Page last updated at 18:03 GMT, Friday, 16 April 2010 19:03 UK

Letting agency sues student who nursed dying mother

Victoria Ellis
Victoria Ellis had already paid the firm £1,500

A student who left university to nurse her dying mother in Greater Manchester is being sued by a letting agency for rent on a flat she never stayed in.

Victoria Ellis, 22, is pleading for Leeds-based Parklane Properties to show her "some compassion".

A few months after her mother Susan died, the company sent her a writ for £2,220 with the word "deceased" next to the name of her mother - the guarantor.

The firm said it "sympathised" but it had financial "obligations to meet".

Susan Ellis, of Whitefield, was diagnosed with an aggressive type of leukaemia in August 2008.

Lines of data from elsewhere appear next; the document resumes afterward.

lemma tonn_simplex_vertex:
  assumes "\<sigma> permutes {1..k}" and "m \<le> k"
  shows "(x + (\<Sum>j\<in>{1..m}. int (l (\<sigma> j)))) mod n \<in> tonn_simplex n k l x \<sigma>"
proof (cases "m < k")
  case True
  then show ?thesis unfolding tonn_simplex_def by blast
next
  case False
  have "(\<Sum>j\<in>{1..k}. int (l (\<sigma> j))) = n"
    unfolding n_eq using sum.reindex_bij_betw[OF permutes_imp_bij[OF assms(1)]] by simp
  with False assms(2) have "(x + (\<Sum>j\<in>{1..m}. int (l (\<sigma> j)))) mod n = (x + (\<Sum>j\<in>{1..0}. int (l (\<sigma> j)))) mod n"
    by simp
  with k_pos show ?thesis unfolding tonn_simplex_def by blast
qed

lemma two_steps_in_face:
  assumes "i \<in> {1..k}" and "j \<in> {1..k}" and "i \<noteq> j"
  shows "{y mod n, (y + int (l i)) mod n, (y + int (l i) + int (l j)) mod n} \<in> tonn_faces n k l"
proof -
  have "2 \<le> k" using assms by auto
  then obtain \<sigma> where \<sigma>: "\<sigma> permutes {1..k}" "\<sigma> 1 = i" "\<sigma> 2 = j"
    using permutes_exists_two_values[of 1 "{1..k}" 2 i j] assms by auto
  have "(y + (\<Sum>j\<in>{1..m}. int (l (\<sigma> j)))) mod n \<in> tonn_simplex n k l y \<sigma>" if "m \<le> 2" for m
    using tonn_simplex_vertex[OF \<sigma>(1)] that \<open>2 \<le> k\<close> by simp
  from this[of 0] this[of 1] this[of 2] \<sigma>
  have "{y mod n, (y + int (l i)) mod n, (y + int (l i) + int (l j)) mod n} \<subseteq> tonn_simplex n k l y \<sigma>"
    by (simp add: numeral_2_eq_2 add.assoc)
  with \<sigma>(1) show ?thesis unfolding tonn_faces_def by blast
qed

lemma walk_chain_swap_boundary:
  assumes "i \<in> {1..k}" and "j \<in> {1..k}"
  shows "boundary (walk_chain n l y [i, j] - walk_chain n l y [j, i])"
proof (cases "i = j")
  case False
  \<comment> \<open>The triangles [y, y+l_i, y+l_i+l_j] and [y, y+l_j, y+l_i+l_j] share their closing edge.\<close>
  define v0 vi vj vij where "v0 = y mod n" and "vi = (y + int (l i)) mod n"
    and "vj = (y + int (l j)) mod n" and "vij = (y + int (l i) + int (l j)) mod n"
  have "{v0, vi, vij} \<in> tonn_faces n k l"
    unfolding v0_def vi_def vij_def using assms False by (rule two_steps_in_face)
  moreover have "{v0, vj, vij} \<in> tonn_faces n k l"
    using two_steps_in_face[of j i y] assms False
    unfolding v0_def vj_def vij_def by (simp add: ac_simps)
  ultimately have "boundary (tri_boundary (v0, vi, vij) - tri_boundary (v0, vj, vij))"
    by (intro is_boundary_diff is_boundary_tri_boundary)
  moreover have "tri_boundary (v0, vi, vij) - tri_boundary (v0, vj, vij)
      = walk_chain n l y [i, j] - walk_chain n l y [j, i]"
    unfolding v0_def vi_def vj_def vij_def tri_boundary_eq
    by (simp add: ac_simps)
  ultimately show ?thesis by simp
qed (simp add: is_boundary_zero)

lemma walk_chain_move_to_front_boundary:
  assumes "u \<in> {1..k}" and "set ts \<subseteq> {1..k}"
  shows "boundary (walk_chain n l y (ts @ u # us) - walk_chain n l y (u # ts @ us))"
  using assms(2)
proof (induction ts arbitrary: y)
  case Nil
  show ?case by (simp only: append_Nil diff_self is_boundary_zero)
next
  case (Cons t ts)
  have "set ts \<subseteq> {1..k}" using Cons.prems by simp
  from Cons.IH[OF this, of "y + int (l t)"]
  have "boundary (walk_chain n l y (t # ts @ u # us) - walk_chain n l y (t # u # ts @ us))"
    by (simp only: walk_chain.simps add_diff_cancel_left)
  moreover have "boundary (walk_chain n l y [t, u] - walk_chain n l y [u, t])"
    using Cons.prems assms(1) by (intro walk_chain_swap_boundary) auto
  then have "boundary (walk_chain n l y ([t, u] @ ts @ us) - walk_chain n l y ([u, t] @ ts @ us))"
    by (subst walk_chain_append_diff) simp_all
  ultimately show ?case
    unfolding append_Cons append_Nil by (rule is_boundary_diff_trans)
qed

lemma walk_chain_perm_boundary:
  assumes "mset ts = mset us" and "set us \<subseteq> {1..k}"
  shows "boundary (walk_chain n l y ts - walk_chain n l y us)"
  using assms
proof (induction us arbitrary: ts y)
  case Nil
  then have "ts = []" by simp
  then show ?case by (simp only: diff_self is_boundary_zero)
next
  case (Cons u us)
  then have "u \<in> set ts" by (metis list.set_intros(1) set_mset_mset)
  then obtain as bs where ts: "ts = as @ u # bs" by (meson split_list)
  have "set ts = set (u # us)" by (metis Cons.prems(1) set_mset_mset)
  with Cons.prems(2) ts have "u \<in> {1..k}" "set as \<subseteq> {1..k}" "set us \<subseteq> {1..k}"
    by auto
  then have "boundary (walk_chain n l y ts - walk_chain n l y (u # as @ bs))"
    unfolding ts by (intro walk_chain_move_to_front_boundary)
  moreover have "mset (as @ bs) = mset us" using Cons.prems(1) ts by simp
  from Cons.IH[OF this \<open>set us \<subseteq> {1..k}\<close>, of "y + int (l u)"]
  have "boundary (walk_chain n l y (u # as @ bs) - walk_chain n l y (u # us))"
    by (simp only: walk_chain.simps add_diff_cancel_left)
  ultimately show ?case by (rule is_boundary_diff_trans)
qed

lemma walk_chain_fan_boundary:
  fixes y :: int
  defines "v \<equiv> \<lambda>m. (y + (\<Sum>j\<in>{1..m}. int (l j))) mod n"
  shows "m \<le> k \<Longrightarrow> boundary (walk_chain n l y [1..<Suc m] + edge_chain (v m) (v 0))"
proof (induction m)
  case 0
  have "walk_chain n l y [1..<Suc 0] = 0" by simp
  then show ?case by (simp only: edge_chain_refl add_0_right is_boundary_zero)
next
  case (Suc m)
  have "v i \<in> tonn_simplex n k l y id" if "i \<le> k" for i
    using tonn_simplex_vertex[OF permutes_id that] by (simp add: v_def)
  with Suc.prems have "{v 0, v m, v (Suc m)} \<in> tonn_faces n k l"
    unfolding tonn_faces_def by (intro CollectI exI[of _ y] exI[of _ id]) (auto simp: permutes_id)
  moreover have "boundary (walk_chain n l y [1..<Suc m] + edge_chain (v m) (v 0))"
    by (rule Suc.IH) (use Suc.prems in simp)
  ultimately have "boundary ((walk_chain n l y [1..<Suc m] + edge_chain (v m) (v 0)) + tri_boundary (v 0, v m, v (Suc m)))"
    by (simp only: is_boundary_add is_boundary_tri_boundary)
  also have "(walk_chain n l y [1..<Suc m] + edge_chain (v m) (v 0)) + tri_boundary (v 0, v m, v (Suc m))
      = walk_chain n l y [1..<Suc m] + (edge_chain (v m) (v 0) + edge_chain (v 0) (v m))
        + edge_chain (v m) (v (Suc m)) + edge_chain (v (Suc m)) (v 0)"
    by (simp only: tri_boundary_eq add.assoc)
  also have "\<dots> = walk_chain n l y [1..<Suc (Suc m)] + edge_chain (v (Suc m)) (v 0)"
    by (simp only: edge_chain_add_swap add_0_right walk_chain_upt_Suc v_def)
  finally show ?case .
qed

lemma walk_chain_cycle_boundary: "boundary (walk_chain n l y [1..<Suc k])"
proof -
  have "(y + (\<Sum>j\<in>{1..k}. int (l j))) mod n = y mod n"
    and "(y + (\<Sum>j\<in>{1..0}. int (l j))) mod n = y mod n"
    unfolding n_eq[symmetric] by simp_all
  with walk_chain_fan_boundary[where y = y and m = k] show ?thesis
    by (simp only: order_refl edge_chain_refl add_0_right)
qed

lemma walk_chain_cycles_boundary: "boundary (walk_chain n l y (concat (replicate d [1..<Suc k])))"
proof (induction d arbitrary: y)
  case 0
  show ?case by (simp only: replicate_0 concat.simps walk_chain.simps is_boundary_zero)
next
  case (Suc d)
  have "(\<Sum>t\<leftarrow>[1..<Suc k]. int (l t)) = n"
    by (simp only: n_eq sum_set_upt_conv_sum_list_nat[symmetric] set_upt atLeastLessThanSuc_atLeastAtMost)
  then have "walk_chain n l y (concat (replicate (Suc d) [1..<Suc k]))
      = walk_chain n l y [1..<Suc k] + walk_chain n l y (concat (replicate d [1..<Suc k]))"
    using walk_chain_mod_cong[where y = "y + n" and z = y] by (simp add: walk_chain_append)
  with Suc.IH show ?case
    by (simp only: is_boundary_add walk_chain_cycle_boundary)
qed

A year later and after four courses of chemotherapy it became clear she needed a bone marrow transplant.

Her daughter immediately left the business course she was studying at Leeds University to become her mother's full-time carer.

Miss Ellis said: "She's my mum, I didn't want to be far away her, and didn't see any other option, I needed to be near her."

She had signed a contract with the company to lease the flat in Leeds for a year.

However, shortly before she was due to move in she went to see the manager and explained why she could not live there.

I am broken, I have lost my mum..it's more pressure I don't need this
Victoria Ellis

Her father, Philip Ellis, said: "We explained our circumstances, took proof of Sue's illness, explained how serious things were.

"They said they would try to let the flat and get another tenant in.

"Her mum was terribly fragile, she needed her."

Miss Ellis had given Parklane Properties £1,500 for the first term. She did not live in the flat and returned the keys.

However she received a writ from the company after her mother died in January.

"I am broken, I have lost my mum, show me some compassion - it's more pressure, I don't need this."

A Parklane Properties spokesman said: "We made every effort to fill the flat and we have organised viewings at our own cost.

"We have to meet obligations such as salaries, mortgages and loan repayments."